Three people at table

Panelists discuss agile newsrooms during a breakfast workshop at 25th ISOJ on April 13. (Patricia Lim/Knight Center)

“We can't pick a solution and then run with it,” Becca Aaronson, chief product officer and co-founder of News Product Alliance told the workshop attendees. “We actually have to learn from our decisions and continue to iterate upon them. This can be hard in a business that likes to rely on certainty. And you do need to have a little bit of certainty, but you also need to be able to learn from your mistakes and keep growing so that we don't fall behind.”

A news product can be a podcast, a newsletter, video series, a feature article or any content made by a news organization. For the workshop, the speakers posed a hypothetical scenario: how can the growing community of Hutto, Texas, benefit from a podcast?

That scenario was based on hypothetical data that nearly half of Hutto’s residents drove into Round Rock and Austin for work and could listen to the podcast on their commute.

Attendees immediately noted the several challenges this news-spreading method could bring to the Hutto community and the podcast creators. A small audience, with already formed habits, may not stand to benefit from a difficult production like a podcast.

“Every community has a different challenge,” Damon Kiesow, Knight Chair of Journalism Innovation at the Missouri School of Journalism said. “The processes, the way we solve problems, it's all the same conflicts. Do we have enough information? What do we know about the audience? How do we solve the internal sort of political conflict?”

Ultimately, though, the biggest struggle in deciding whether a podcast was appropriate for this hypothetical scenario is not knowing Hutto’s diverse audience and its needs. The same can be said of developing news products in general as communities around the United States grow but the amount of journalists to cover them decreases.

Factors like language, interests, political leanings, and socioeconomic status of their audience are just a fraction of what a newsroom needs to be aware of before developing a news product.

“The challenge of doing this as an imaginary exercise is none of us actually know the context of this community and this market well enough to make these decisions,” Aaronson said. “And so I think that really reinforces the point that if you're going to be making these calls in an actually informed way, you have to be really connected to the community and the market and understand the landscape.”

News product development should keep the consumer in mind, but the news outlet’s goals need to be incorporated, too, some of the journalists in the workshop mentioned. Deciding to create a news product needs to be interrogated thoroughly, with journalists needing to push back and asking why something works for them and for the public, too.

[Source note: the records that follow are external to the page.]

lemma path_solution_unique:
  assumes rec: "\<forall>t\<in>{1..k}. w t = 2 * c t - c (t - 1) - c (Suc t)"
    and last: "c (Suc k) = 0" and t: "t \<le> Suc k"
  shows "c t = path_solution w k (c k) t"
proof -
  have "c (k - i) = path_solution w k (c k) (k - i) \<and>
      c (Suc k - i) = path_solution w k (c k) (Suc k - i)"
    if "i \<le> k" for i
    using that
  proof (induction i)
    case 0 thus ?case by (simp add: last)
  next
    case (Suc i)
    define t where "t = k - i"
    have t: "1 \<le> t" "t \<le> k" using Suc.prems by (auto simp: t_def)
    have e: "k - Suc i = t - 1" "Suc k - Suc i = t" "Suc k - i = Suc t"
      using Suc.prems by (auto simp: t_def)
    have IH: "c t = path_solution w k (c k) t" "c (Suc t) = path_solution w k (c k) (Suc t)"
      using Suc.IH Suc.prems unfolding t_def by (simp_all add: Suc_diff_le)
    have "c (t - 1) = 2 * c t - c (Suc t) - w t" using rec t by auto
    also have "\<dots> = path_solution w k (c k) (t - 1)"
      using IH path_solution_recurrence[OF t, of w "c k"] by simp
    finally show ?case using IH unfolding e by simp
  qed
  from this[of "k - t"] this[of 0] t show ?thesis
    by (cases "t = Suc k") (auto simp: last)
qed

lemma path_solution_start:
  fixes D D' s :: int
  shows "D * path_solution w m s 0 - D' * path_solution w m s 1 =
     s * (D + int m * (D - D')) - (\<Sum>t\<in>{1..m}. (D' + int t * (D - D')) * w t)"
proof -
  have "{0<..m} = {1..m}" by auto
  hence tm0: "tail_moment w m 0 = (\<Sum>t\<in>{1..m}. int t * w t)" by (simp add: tail_moment_def)
  have tm1: "tail_moment w m 1 = (\<Sum>t\<in>{1..m}. (int t - 1) * w t)"
  proof (cases "m = 0")
    case False
    hence "{1..m} = insert 1 {1<..m}" by auto
    thus ?thesis by (simp add: tail_moment_def)
  qed (simp add: tail_moment_def)
  have "D * tail_moment w m 0 - D' * tail_moment w m 1 = (\<Sum>t\<in>{1..m}. (D' + int t * (D - D')) * w t)"
    unfolding tm0 tm1 by (simp add: sum_distrib_left sum_subtractf[symmetric] algebra_simps)
  thus ?thesis by (simp add: path_solution_def algebra_simps)
qed
(* For every integer $T>0$ and real $\lambda>0$: (i) with $r=\sqrt{(T+1)n}$ and $n\ge r^2/\lambda^2$, $\mathsf{VC}\text{-}\mathsf{dim}\big(\mathbb{H}_{r,\lambda}(\mathcal{E}_{\mathsf{WLOA}}(n,d_T))\big)\in\Theta(r^2/\lambda^2)$; (ii) with $r=\sqrt{T/(T+1)}$ and $n\ge r^2/\lambda^2$, $\mathsf{VC}\text{-}\mathsf{dim}\big(\mathbb{H}_{1,\lambda}(\overline{\mathcal{E}}_{\mathsf{WLOA}}(n,d_T))\big)\in\Theta(1/\lambda^2)$.
   Context: $\mathcal{G}_n$ is the set of (unlabeled, simple, undirected) graphs on $n$ vertices. $1$-WL colouring: $C^1_0$ constant, $C^1_t(v)=\mathsf{RELABEL}(C^1_{t-1}(v),\{\!\{C^1_{t-1}(u):u\in N(v)\}\!\})$ with a fixed injective $\mathsf{RELABEL}$ shared by all graphs; $\Sigma_t$ is the set of colours at round $t$ over all of $\mathcal{G}_n$ and $\phi_t(G)_c$ is the number of vertices of $G$ with colour $c$ at round $t$. The Weisfeiler–Leman optimal assignment feature map $\phi^{(T)}_{\mathsf{WLOA}}(G)\in\{0,1\}^{d_T}$ has one coordinate for each triple $(t,c,j)$ with $t\in\{0,\dots,T\}$, $c\in\Sigma_t$, $j\in\{1,\dots,n\}$, equal to $1$ if $\phi_t(G)_c\ge j$ and $0$ otherwise (so $\langle\phi^{(T)}_{\mathsf{WLOA}}(G),\phi^{(T)}_{\mathsf{WLOA}}(H)\rangle=\sum_{t=0}^T\sum_{c\in\Sigma_t}\min(\phi_t(G)_c,\phi_t(H)_c)$). $\overline{\phi^{(T)}_{\mathsf{WLOA}}}$ is its normalisation to unit Euclidean norm; $\mathcal{E}_{\mathsf{WLOA}}(n,d_T)=\{\phi^{(T)}_{\mathsf{WLOA}}\}$, $\overline{\mathcal{E}}_{\mathsf{WLOA}}(n,d_T)=\{\overline{\phi^{(T)}_{\mathsf{WLOA}}}\}$. A sample $(\mathbf{x}_i,y_i)\subset\mathbb{R}^d\times\{0,1\}$ is $(r,\lambda)$-separable if the points lie in a ball of radius $r$ and the distance between the convex hulls of the two classes is at least $2\lambda$. $\mathbb{H}_{r,\lambda}(\mathcal{E})$ is the set of partial concepts $h:\mathcal{G}_n\to\{0,1,\star\}$ such that every finite list of graphs with $h\neq\star$, labelled by $h$ and embedded by some $\mathrm{emb}\in\mathcal{E}$, is $(r,\lambda)$-separable. VC dimension: largest size of a set shattered by the class (every $0/1$ pattern realised). *)

theory Defs
  imports "HOL-Analysis.Analysis" "HOL-Library.Multiset"
begin
lemma face_vec_pair:
  assumes "i \<noteq> j"
  shows "face_vec {i, j} = (1 / sqrt (4/3)) *\<^sub>R (svec i + svec j)"
  using assms by (simp add: face_vec_def)

text \<open>Complementary two-element faces give opposite vectors, since the frame sums to 0.\<close>
lemma pair_face_vecs:
  defines "w i \<equiv> (1 / sqrt (4/3)) *\<^sub>R (svec 1 + svec i)"
  shows "(\<exists>K. K \<subseteq> {1..4} \<and> card K = 2 \<and> v = face_vec K) \<longleftrightarrow>
         v \<in> {w 2, w 3, w 4, - w 2, - w 3, - w 4}"
proof -
  have "svec 3 + svec 4 = - (svec 1 + svec 2)" "svec 2 + svec 4 = - (svec 1 + svec 3)"
    "svec 2 + svec 3 = - (svec 1 + svec 4)"
    using sum_svec_eq_0 by (simp_all add: algebra_simps eq_neg_iff_add_eq_0)
  then have faces: "face_vec {1,2} = w 2" "face_vec {1,3} = w 3" "face_vec {1,4} = w 4"
      "face_vec {3,4} = - w 2" "face_vec {2,4} = - w 3" "face_vec {2,3} = - w 4"
    by (simp_all only: face_vec_pair w_def scaleR_minus_right)
  have pairs: "K \<subseteq> {1..4} \<and> card K = 2 \<longleftrightarrow>
      K \<in> {{1,2}, {1,3}, {1,4}, {3,4}, {2,4}, {2,3}}" for K :: "nat set"
  proof
    assume "K \<subseteq> {1..4} \<and> card K = 2"
    then obtain x y where K: "K = {x, y}" "x \<noteq> y" and "x \<in> {1..4}" "y \<in> {1..4}"
      by (auto simp: card_2_iff)
    then have "x \<in> {1,2,3,4}" "y \<in> {1,2,3,4}" by auto
    then show "K \<in> {{1,2}, {1,3}, {1,4}, {3,4}, {2,4}, {2,3}}"
      using K by (elim insertE emptyE) (simp_all add: insert_commute)
  qed auto
  have "(\<exists>K. K \<subseteq> {1..4} \<and> card K = 2 \<and> v = face_vec K) \<longleftrightarrow>
        (\<exists>K\<in>{{1,2}, {1,3}, {1,4}, {3,4}, {2,4}, {2,3}}. v = face_vec K)"
    by (simp only: conj_assoc[symmetric] pairs Bex_def)
  also have "\<dots> \<longleftrightarrow> v \<in> {w 2, w 3, w 4, - w 2, - w 3, - w 4}"
    by (simp only: faces bex_simps insert_iff empty_iff simp_thms)
  finally show ?thesis .
qed

lemma orthonormal_pair_sums:
  defines "w i \<equiv> (1 / sqrt (4/3)) *\<^sub>R (svec 1 + svec i)"
  assumes "i \<in> {2, 3, 4}" "j \<in> {2, 3, 4}"
  shows "w i \<bullet> w j = (if i = j then 1 else 0)"
  using assms by (auto simp: w_def inner_add_left inner_add_right inner_svec real_sqrt_divide field_simps)

lemma independent_pair_sums:
  defines "w i \<equiv> (1 / sqrt (4/3)) *\<^sub>R (svec 1 + svec i)"
  shows "independent {w 2, w 3, w 4} \<and> card {w 2, w 3, w 4} = 3"
proof -
  have orth: "w 2 \<bullet> w 3 = 0" "w 2 \<bullet> w 4 = 0" "w 3 \<bullet> w 4 = 0"
    and unit: "w 2 \<bullet> w 2 = 1" "w 3 \<bullet> w 3 = 1" "w 4 \<bullet> w 4 = 1"
    using orthonormal_pair_sums[of i j for i j :: nat] unfolding w_def by simp_all
  then have "w 2 \<noteq> w 3" "w 2 \<noteq> w 4" "w 3 \<noteq> w 4" by auto
  then have "card {w 2, w 3, w 4} = 3" by simp
  moreover have "independent {w 2, w 3, w 4}"
  proof (rule pairwise_orthogonal_independent)
    show "pairwise orthogonal {w 2, w 3, w 4}"
      using orth by (auto simp: pairwise_def orthogonal_def inner_commute)
    show "0 \<notin> {w 2, w 3, w 4}"
      using unit by auto
  qed
  ultimately show ?thesis by simp
qed
lemma not_bij_betw_mod_prime:
  fixes p :: nat
  assumes "prime p" and "3 * d = p - 1" and "even d" and "0 < r" and "\<not> 3 dvd e"
    and "\<not> [2 ^ d = 1] (mod int p)"
  shows "\<not> bij_betw (\<lambda>x. x ^ r * (x ^ (e * d) + 1) mod int p) {0..<int p} {0..<int p}"
proof
  define P where "P = int p"
  assume bij: "bij_betw (\<lambda>x. x ^ r * (x ^ (e * d) + 1) mod int p) {0..<int p} {0..<int p}"
  have "prime P" and "P > 1"
    using assms(1) prime_gt_1_nat by (auto simp: P_def)
  then have "1 \<in> (\<lambda>x. x ^ r * (x ^ (e * d) + 1) mod P) ` {0..<P}"
    using bij by (simp add: bij_betw_def P_def)
  then obtain x0 where x0: "x0 \<in> {0..<P}" "1 = x0 ^ r * (x0 ^ (e * d) + 1) mod P"
    by (rule imageE)
  then have "x0 \<noteq> 0"
    using assms(4) by (auto simp: zero_power)
  with x0(1) have "\<not> P dvd x0"
    by (auto dest: zdvd_imp_le)
  then have "coprime x0 P"
    using \<open>prime P\<close> prime_imp_coprime[of P x0] by (simp add: coprime_commute)
  have "[x0 ^ (3 * d) = 1] (mod P)"
    using fermat_theorem_int[OF assms(1)] \<open>\<not> P dvd x0\<close> assms(2) by (simp add: P_def)
  moreover have "[x0 ^ r * (x0 ^ (e * d) + 1) = 1] (mod P)"
    using x0(2) \<open>P > 1\<close> by (simp add: cong_def)
  ultimately have "\<not> inj_on (\<lambda>x. x ^ r * (x ^ (e * d) + 1) mod P) {0..<P}"
    using not_inj_on_mod_if_value_one \<open>prime P\<close> assms(3,5,6) \<open>coprime x0 P\<close>
    by (simp add: P_def)
  with bij show False
    by (simp add: bij_betw_def P_def)
qed

theorem proposition4p1:
  fixes p :: nat
  assumes "prime p" and "odd p" and "3 dvd (p - 1)"
    and "\<not> (p dvd (2 ^ ((p - 1) div 3) - 1))"
  shows "\<not> (\<exists>r e :: nat. 0 < r \<and> r < p - 1 \<and> 0 < e \<and> gcd e 3 = 1
            \<and> gcd r ((p - 1) div 3) = 1
            \<and> perm_poly_mod p (monom 1 r * (monom 1 (e * ((p - 1) div 3)) + 1)))"
proof
  assume "\<exists>r e :: nat. 0 < r \<and> r < p - 1 \<and> 0 < e \<and> gcd e 3 = 1
            \<and> gcd r ((p - 1) div 3) = 1
            \<and> perm_poly_mod p (monom 1 r * (monom 1 (e * ((p - 1) div 3)) + 1))"
  then obtain r e :: nat where "0 < r" and "gcd e 3 = 1"
    and perm: "perm_poly_mod p (monom 1 r * (monom 1 (e * ((p - 1) div 3)) + 1))"
    by auto
  define d where "d = (p - 1) div 3"
  have "3 * d = p - 1"
    using assms(3) by (simp add: d_def)
  then have "even (3 * d)"
    using assms(2) by simp
  then have "even d"
    by simp
  have "\<not> 3 dvd e"
    using \<open>gcd e 3 = 1\<close> gcd_greatest_iff[of 3 e 3] by auto
  have "\<not> [2 ^ d = 1] (mod int p)"
    using assms(4) cong_int_iff[of "2 ^ d" 1 p] cong_altdef_nat[of 1 "2 ^ d" p]
    by (simp add: d_def)
  moreover have "bij_betw (\<lambda>x. x ^ r * (x ^ (e * d) + 1) mod int p) {0..<int p} {0..<int p}"
    using perm by (simp add: perm_poly_mod_def d_def poly_monom)
  ultimately show False
    using not_bij_betw_mod_prime assms(1) \<open>3 * d = p - 1\<close> \<open>even d\<close> \<open>0 < r\<close> \<open>\<not> 3 dvd e\<close>
    by blast
qed

end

“Our goal is to solve these problems through problem solving and collaboration and sustainability,” Upasna Gautam, senior product manager leader at CNN’s Digital News Platforms team said. “And the way we do that is to not just understand the types of problems we need to solve, but why those problems are a problem in the first place. And we do that through agile product development and building an agile newsroom.”

The speakers suggested to the attending journalists that a strengths, weaknesses, opportunities and threats, or SWOT, analysis, was a good way of understanding a potential news product. The strategy will be necessary for the future, as the way news is spread will become a staple of the journalism industry.

“These are new competencies that we need to have in our programs beyond just reporting and editing, and we have people in this room who are doing that,” Cindy Royal, who is a professor in Texas State University’s Journalism and Mass Communication Department, said to the speakers. “But we need more.”

Gaige Davila is a reporter with Texas Public Radio, covering immigration, social justice, environment and culture in the Rio Grande Valley. 

ISOJ is a global online journalism conference organized by the Knight Center for Journalism in the Americas at the University of Texas at Austin. In 2024, it is celebrating 25 years of bringing together journalists, media executives and scholars to discuss the impact of the digital revolution on journalism.